This homework script is written using a retroscripting technique, in which the homework outlines are generally and loosely drawn, and the individual students improvise to create the implementation that fits their refined objectives. In doing so, students are expected to stay within the basic requirements of the homework and they are free to experiments. Asking questions is important, so please ask away at piazza!
Once you installed and configured cloud2sim (and/or cloudsim), your job is to run examples supplied with the frameworks to perform two or more simulations where you will evaluate two or more datacenters with different characteristics (e.g., operating systems, costs, devices) and policies. Imagine that you are a cloud computing broker and you purchase computing time in bulk from different cloud providers and you sell this time to your customers, so that they can execute their jobs, i.e., cloudlets on the infrastructure of these cloud providers that have different policies and constraints. As a broker, your job is to buy the computing time cheaply and sell it at a good markup. One way to achieve it is to take cloudlets from your customers and estimate how long they will execute. Then you charge for executing cloudlets some fixed fee that represent your cost of resources summarily. Some cloudlets may execute longer than you expected, the other execute faster. If your revenue exceeds your expenses for buying the cloud computing time in bulk, you are in business, otherwise, you will go bankrupt!
There are different policies that datacenters can use for allocating virtual machines (vms) to hosts, scheduling them for executions on those hosts, determining how network bandwidth is provisioned, and for scheduling cloudlets to execute on different vms. Randomly assigning these cloudlets to different datacenters may result in situation where the executions of these cloudlets are inefficient and they takes a long time. As a result, you exhaust your supply of the purchased cloud time and you may have to refund the money to your customers, since you cannot fulfil the agreement, and you will go bankrupt. Modeling and simulating the executions of cloudlets in your clouds may help you chose a proper model for your business.
Once you installed and configured cloud2sim and ran its examples, your next job will be to create simulations where you will evaluate a large cloud provider with many datacenters with different characteristics (e.g., operating systems, costs, devices) and policies. You will form a stream of jobs, dynamically, and feed them into your simulation. You will design your own datacenter with your own network switches and network links. You can organize cloudlets into tasks to accomplish the same job (e.g., a map reduce job where some cloudlets represent mappers and the other cloudlets represent reducers). There are different policies that datacenters can use for allocating virtual machines (vms) to hosts, scheduling them for executions on those hosts, determining how network bandwidth is provisioned, and for scheduling cloudlets to execute on different vms.
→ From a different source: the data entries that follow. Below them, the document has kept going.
lemma pos_semidef_mat_sqrt_unique:
  fixes R1 R2 :: "real^'n^'n"
  assumes R1: "pos_semidef_mat R1" and R2: "pos_semidef_mat R2" and eq: "R1 ** R1 = R2 ** R2"
  shows "R1 = R2"
proof -
  have S: "pos_semidef_mat (R1 ** R1)"
    using R1 by (intro pos_semidef_mat_mult_self) (simp add: pos_semidef_mat_def)
  obtain B where eig: "\<And>b. b \<in> B \<Longrightarrow> (R1 ** R1) *v b = (b \<bullet> ((R1 ** R1) *v b)) *\<^sub>R b"
    and span: "span B = UNIV"
    using sym_mat_orthonormal_eigenbasis S unfolding pos_semidef_mat_def by metis
  have on_basis: "R1 *v b = R2 *v b" if "b \<in> B" for b
  proof -
    define m where "m = sqrt (b \<bullet> ((R1 ** R1) *v b))"
    have m2: "m\<^sup>2 = b \<bullet> ((R1 ** R1) *v b)"
      using S by (simp add: m_def pos_semidef_mat_def)
    have m0: "m \<ge> 0"
      using S by (simp add: m_def pos_semidef_mat_def)
    have mb: "(R1 ** R1) *v b = m\<^sup>2 *\<^sub>R b"
      unfolding m2 by (rule eig[OF that])
    show ?thesis
      using pos_semidef_mat_sqrt_on_eigenvector[OF R1 mb m0]
        pos_semidef_mat_sqrt_on_eigenvector[OF R2 mb[unfolded eq] m0] by simp
  qed
  have "R1 *v x = R2 *v x" for x
    by (rule linear_eq_on_span[of "(*v) R1" "(*v) R2" B]) (simp_all add: span on_basis)
  then show ?thesis
    by (simp add: matrix_eq)
qed

lemma mat_sqrt_is_sqrt:
  assumes "pos_semidef_mat S"
  shows "pos_semidef_mat (mat_sqrt S)" "mat_sqrt S ** mat_sqrt S = S"
proof -
  have "\<exists>!R. pos_semidef_mat R \<and> R ** R = S"
    using pos_semidef_mat_sqrt_exists[OF assms] pos_semidef_mat_sqrt_unique by metis
  then have "pos_semidef_mat (mat_sqrt S) \<and> mat_sqrt S ** mat_sqrt S = S"
    unfolding mat_sqrt_def by (rule theI')
  then show "pos_semidef_mat (mat_sqrt S)" "mat_sqrt S ** mat_sqrt S = S"
    by auto
qed

lemma mat_sqrt_eqI:
  assumes "pos_semidef_mat R" "R ** R = S"
  shows "mat_sqrt S = R"
  unfolding mat_sqrt_def
  by (rule the_equality) (use assms pos_semidef_mat_sqrt_unique in auto)

section \<open>Whitening by the square root of a positive definite matrix\<close>

lemma pos_def_mat_imp_pos_semidef_mat: "pos_def_mat S \<Longrightarrow> pos_semidef_mat S"
  unfolding pos_def_mat_def pos_semidef_mat_def by (metis inner_zero_left less_le order_refl)

lemma pos_def_mat_kernel: "pos_def_mat S \<Longrightarrow> S *v x = 0 \<Longrightarrow> x = 0"
  unfolding pos_def_mat_def by force

lemma invertible_iff_kernel:
  "invertible (A::real^'n^'n) \<longleftrightarrow> (\<forall>x. A *v x = 0 \<longrightarrow> x = 0)"
  by (simp add: invertible_left_inverse matrix_left_invertible_ker)

lemma matrix_inv_inverse:
  assumes "invertible (A::real^'n^'n)"
  shows "A ** matrix_inv A = mat 1" "matrix_inv A ** A = mat 1"
  using someI_ex[OF assms[unfolded invertible_def]] by (auto simp: matrix_inv_def)

lemma invertible_mat_sqrt:
  assumes S: "pos_def_mat S"
  shows "invertible (mat_sqrt S)"
  unfolding invertible_iff_kernel
proof (intro allI impI)
  fix x assume "mat_sqrt S *v x = 0"
  then have "S *v x = 0"
    using mat_sqrt_is_sqrt(2)[OF pos_def_mat_imp_pos_semidef_mat[OF S]]
    by (metis matrix_vector_mul_assoc matrix_vector_mult_0_right)
  then show "x = 0"
    by (rule pos_def_mat_kernel[OF S])
qed

lemma sym_mat_matrix_inv:
  assumes "sym_mat A" "invertible A"
  shows "sym_mat (matrix_inv A)"
proof -
  have "transpose (matrix_inv A) ** A = mat 1"
    using matrix_inv_inverse(1)[OF assms(2)] assms(1)
    by (metis matrix_transpose_mul sym_mat_def transpose_mat)
  then have "transpose (matrix_inv A) = transpose (matrix_inv A) ** (A ** matrix_inv A)"
    by (simp add: matrix_inv_inverse(1)[OF assms(2)])
  also have "\<dots> = matrix_inv A"
    by (simp add: matrix_mul_assoc \<open>transpose (matrix_inv A) ** A = mat 1\<close>)
  finally show ?thesis
    by (simp add: sym_mat_def)
qed

lemma quadratic_form_matrix_inv:
  assumes S: "pos_def_mat S"
  shows "x \<bullet> (matrix_inv S *v x) = norm (matrix_inv (mat_sqrt S) *v x) ^ 2"
proof -
  define R where "R = mat_sqrt S"
  define K where "K = matrix_inv R"
  have R: "pos_semidef_mat R" "R ** R = S" "invertible R"
    using mat_sqrt_is_sqrt[OF pos_def_mat_imp_pos_semidef_mat[OF S]] invertible_mat_sqrt[OF S]
    by (simp_all add: R_def)
  have K: "K ** R = mat 1" "R ** K = mat 1" "sym_mat K"
    using matrix_inv_inverse[OF R(3)] sym_mat_matrix_inv[OF _ R(3)] R(1)
    by (simp_all add: K_def pos_semidef_mat_def)
  have "matrix_inv S = (K ** K ** S) ** matrix_inv S"
    by (metis K(1) R(2) matrix_mul_assoc matrix_mul_lid)
  also have "\<dots> = K ** K"
    using matrix_inv_inverse(1)[OF invertible_mult[OF R(3) R(3)]]
    by (metis R(2) matrix_mul_assoc matrix_mul_rid)
  finally have "x \<bullet> (matrix_inv S *v x) = (K *v x) \<bullet> (K *v x)"
    using K(3) by (simp add: matrix_vector_mul_assoc[symmetric] sym_mat_inner)
  then show ?thesis
    by (simp add: K_def R_def power2_norm_eq_inner)
qed

lemma norm_mat_sqrt_vector_le:
  assumes S: "pos_semidef_mat S"
  shows "norm (mat_sqrt S *v z) \<le> sqrt (op_norm S) * norm z"
proof -
  have nS: "0 \<le> op_norm S"
    unfolding op_norm_def by (rule onorm_pos_le[OF matrix_vector_mul_bounded_linear])
  have Sz: "norm (S *v z) \<le> op_norm S * norm z"
    unfolding op_norm_def by (rule onorm[OF matrix_vector_mul_bounded_linear])
  have R: "sym_mat (mat_sqrt S)" "mat_sqrt S ** mat_sqrt S = S"
    using mat_sqrt_is_sqrt[OF S] by (simp_all add: pos_semidef_mat_def)
  have "norm (mat_sqrt S *v z) ^ 2 = (mat_sqrt S *v z) \<bullet> (mat_sqrt S *v z)"
    by (simp add: power2_norm_eq_inner)
  also have "\<dots> = z \<bullet> (mat_sqrt S *v (mat_sqrt S *v z))"
    by (rule sym_mat_inner[OF R(1)])
  also have "\<dots> = z \<bullet> (S *v z)"
    by (simp only: matrix_vector_mul_assoc R(2))
  also have "\<dots> \<le> norm z * norm (S *v z)"
    by (rule norm_cauchy_schwarz)
  also have "\<dots> \<le> norm z * (op_norm S * norm z)"
    using Sz by (rule mult_left_mono) simp
  also have "\<dots> = (sqrt (op_norm S) * norm z) ^ 2"
    using nS by (simp add: power_mult_distrib power2_eq_square)
  finally show ?thesis
    by (rule power2_le_imp_le) (simp add: nS)
qed

lemma op_norm_pos:
  assumes "pos_def_mat (S::real^'n^'n)"
  shows "op_norm S > 0"
proof -
  have "S *v axis undefined 1 \<noteq> 0"
    using pos_def_mat_kernel[OF assms] by (metis axis_eq_0_iff zero_neq_one)
  then have "0 < norm (S *v axis undefined 1)"
    by simp
  also have "\<dots> \<le> op_norm S * norm (axis undefined (1::real) :: real^'n)"
    unfolding op_norm_def by (rule onorm[OF matrix_vector_mul_bounded_linear])
  finally show ?thesis
    by (simp add: norm_axis_1)
qed

lemma norm_le_quadratic_form_matrix_inv:
  assumes S: "pos_def_mat S"
  shows "norm x ^ 2 \<le> op_norm S * (x \<bullet> (matrix_inv S *v x))"
proof -
  define K where "K = matrix_inv (mat_sqrt S)"
  have "x = mat_sqrt S *v (K *v x)"
    using matrix_inv_inverse(1)[OF invertible_mat_sqrt[OF S]]
    by (simp add: K_def matrix_vector_mul_assoc)
  then have "norm x \<le> sqrt (op_norm S) * norm (K *v x)"
    by (metis norm_mat_sqrt_vector_le pos_def_mat_imp_pos_semidef_mat[OF S])
  then have "norm x ^ 2 \<le> (sqrt (op_norm S) * norm (K *v x)) ^ 2"
    by (rule power_mono) simp
  then show ?thesis
    using op_norm_pos[OF S] quadratic_form_matrix_inv[OF S, of x]
    by (simp add: K_def power_mult_distrib)
qed

lemma quadratic_forms_le_whitened:
  fixes Sig B :: "real^'n^'n"
  assumes Sig: "pos_def_mat Sig"
    and C: "\<And>z. norm ((mat_sqrt Sig ** B ** mat_sqrt Sig) *v z) \<le> c * norm z"
  shows "x \<bullet> (B *v x) \<le> c * (x \<bullet> (matrix_inv Sig *v x))"
    and "x \<bullet> ((B ** Sig ** transpose B) *v x) \<le> c\<^sup>2 * (x \<bullet> (matrix_inv Sig *v x))"
proof -
  define R where "R = mat_sqrt Sig"
  define C where "C = R ** B ** R"
  define y where "y = matrix_inv R *v x"
  have R: "sym_mat R" "R ** R = Sig"
    using mat_sqrt_is_sqrt[OF pos_def_mat_imp_pos_semidef_mat[OF Sig]]
    by (simp_all add: R_def pos_semidef_mat_def)
  have x: "x = R *v y"
    using matrix_inv_inverse(1)[OF invertible_mat_sqrt[OF Sig]]
    by (simp add: y_def R_def matrix_vector_mul_assoc)
  have Q: "x \<bullet> (matrix_inv Sig *v x) = norm y ^ 2"
    by (simp add: quadratic_form_matrix_inv[OF Sig] y_def R_def)
  have "x \<bullet> (B *v x) = y \<bullet> (C *v y)"
    unfolding x C_def using sym_mat_inner[OF R(1), of y "B *v (R *v y)"]
    by (simp add: matrix_vector_mul_assoc[symmetric])
  also have "\<dots> \<le> norm y * (c * norm y)"
    using norm_cauchy_schwarz C[of y] by (smt (verit) C_def R_def mult_left_mono norm_ge_zero)
  finally show "x \<bullet> (B *v x) \<le> c * (x \<bullet> (matrix_inv Sig *v x))"
    by (simp add: Q power2_eq_square mult_ac)
  have "transpose C = R ** transpose B ** R"
    using R(1) by (simp add: C_def matrix_transpose_mul matrix_mul_assoc sym_mat_def)
  then have "x \<bullet> ((B ** Sig ** transpose B) *v x) = norm (transpose C *v y) ^ 2"
    unfolding x R(2)[symmetric] using sym_mat_inner[OF R(1)]
    by (simp add: power2_norm_eq_inner matrix_vector_mul_assoc[symmetric]
        inner_matrix_vector_transpose)
  also have "\<dots> \<le> (c * norm y) ^ 2"
    using norm_transpose_matrix_vector_le[of C c y] C by (simp add: C_def R_def power_mono)
  finally show "x \<bullet> ((B ** Sig ** transpose B) *v x) \<le> c\<^sup>2 * (x \<bullet> (matrix_inv Sig *v x))"
    by (simp add: Q power_mult_distrib)
qed

section \<open>Exponential moments of Gaussian vectors\<close>

lemma gaussian_nn_integral_finite:
  assumes "(e::real) > 0"
  shows "(\<integral>\<^sup>+t. ennreal (exp (- e * t\<^sup>2)) \<partial>lborel) < \<infinity>"
proof -
  define s where "s = sqrt (1 / (2 * e))"
  have s: "s > 0" "2 * s\<^sup>2 = 1 / e"
    using assms by (auto simp: s_def)
  have "normal_density 0 s t = exp (- e * t\<^sup>2) / sqrt (2 * pi * s\<^sup>2)" for t
    by (simp add: normal_density_def s(2))
  then have "exp (- e * t\<^sup>2) = sqrt (2 * pi * s\<^sup>2) * normal_density 0 s t" for t
    using s(1) by simp
  moreover have "integrable lborel (\<lambda>t. sqrt (2 * pi * s\<^sup>2) * normal_density 0 s t)"
    by (intro integrable_mult_right integrable_normal_density) (simp add: s(1))
  ultimately have "integrable lborel (\<lambda>t. exp (- e * t\<^sup>2))"
    by simp
  then show ?thesis
    by (simp add: integrable_iff_bounded)
qed

lemma gaussian_nn_integral_finite_euclidean:
  assumes "(e::real) > 0"
  shows "(\<integral>\<^sup>+x. ennreal (exp (- e * norm x ^ 2)) \<partial>(lborel::'a::euclidean_space measure)) < \<infinity>"
proof -
  have "norm x ^ 2 = (\<Sum>b\<in>Basis. (x \<bullet> b)\<^sup>2)" for x :: 'a
    using euclidean_inner[of x x] by (simp add: power2_norm_eq_inner[symmetric] power2_eq_square)
  then have "(\<integral>\<^sup>+x. ennreal (exp (- e * norm x ^ 2)) \<partial>(lborel::'a measure))
      = (\<integral>\<^sup>+x. (\<Prod>b\<in>Basis. (\<lambda>t. ennreal (exp (- e * t\<^sup>2))) (x \<bullet> b)) \<partial>(lborel::'a measure))"
    by (simp add: prod_ennreal exp_sum[symmetric] sum_distrib_left sum_negf)
  also have "\<dots> = (\<Prod>b\<in>(Basis::'a set). \<integral>\<^sup>+t. ennreal (exp (- e * t\<^sup>2)) \<partial>lborel)"
    by (rule nn_integral_lborel_prod) simp_all
  also have "\<dots> < \<infinity>"
    using gaussian_nn_integral_finite[OF assms] by (simp add: less_top[symmetric] power_eq_top_ennreal)
  finally show ?thesis .
qed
Randomly assigning these cloudlets to different datacenters may result in situation where the execution is inefficient and takes a long time. Using a cleverer algorithm like assigning tasks to specific clusters where the data is located may lead to more efficient cloud provider services.
Consider a snippet of the code below from one of the examples of using cloud2sim. In it, a network cloud datacenter is created with network hardware that is used to organize hosts in a connected network. Vms can exchange packets/messages using a chosen network topology. Depending on your simulation construct, you may view different levels of performances.
Your homework can be divided roughly into five steps. First, you learn how cloud2sim organized and what your building blocks are. I suggest that you load the source code of cloud2sim plus into intellij and explore its classes, interfaces, and dependencies. Second, you design your own cloud provider organization down to rack/cluster organization as we will study in the lecture on cloud infrastructure. You will add various policies and load balancing heuristics like randomly allocating tasks to machines or using data locality to guide the task allocation. Next, you will create an implementation of the simulation(s) of your cloud provider using cloud2sim. Fourth, you will run multiple simulations with different parameters, statistically analyze the results and report them in your documentation with explanations why some cloud architectures are more efficient than the others in your simulations.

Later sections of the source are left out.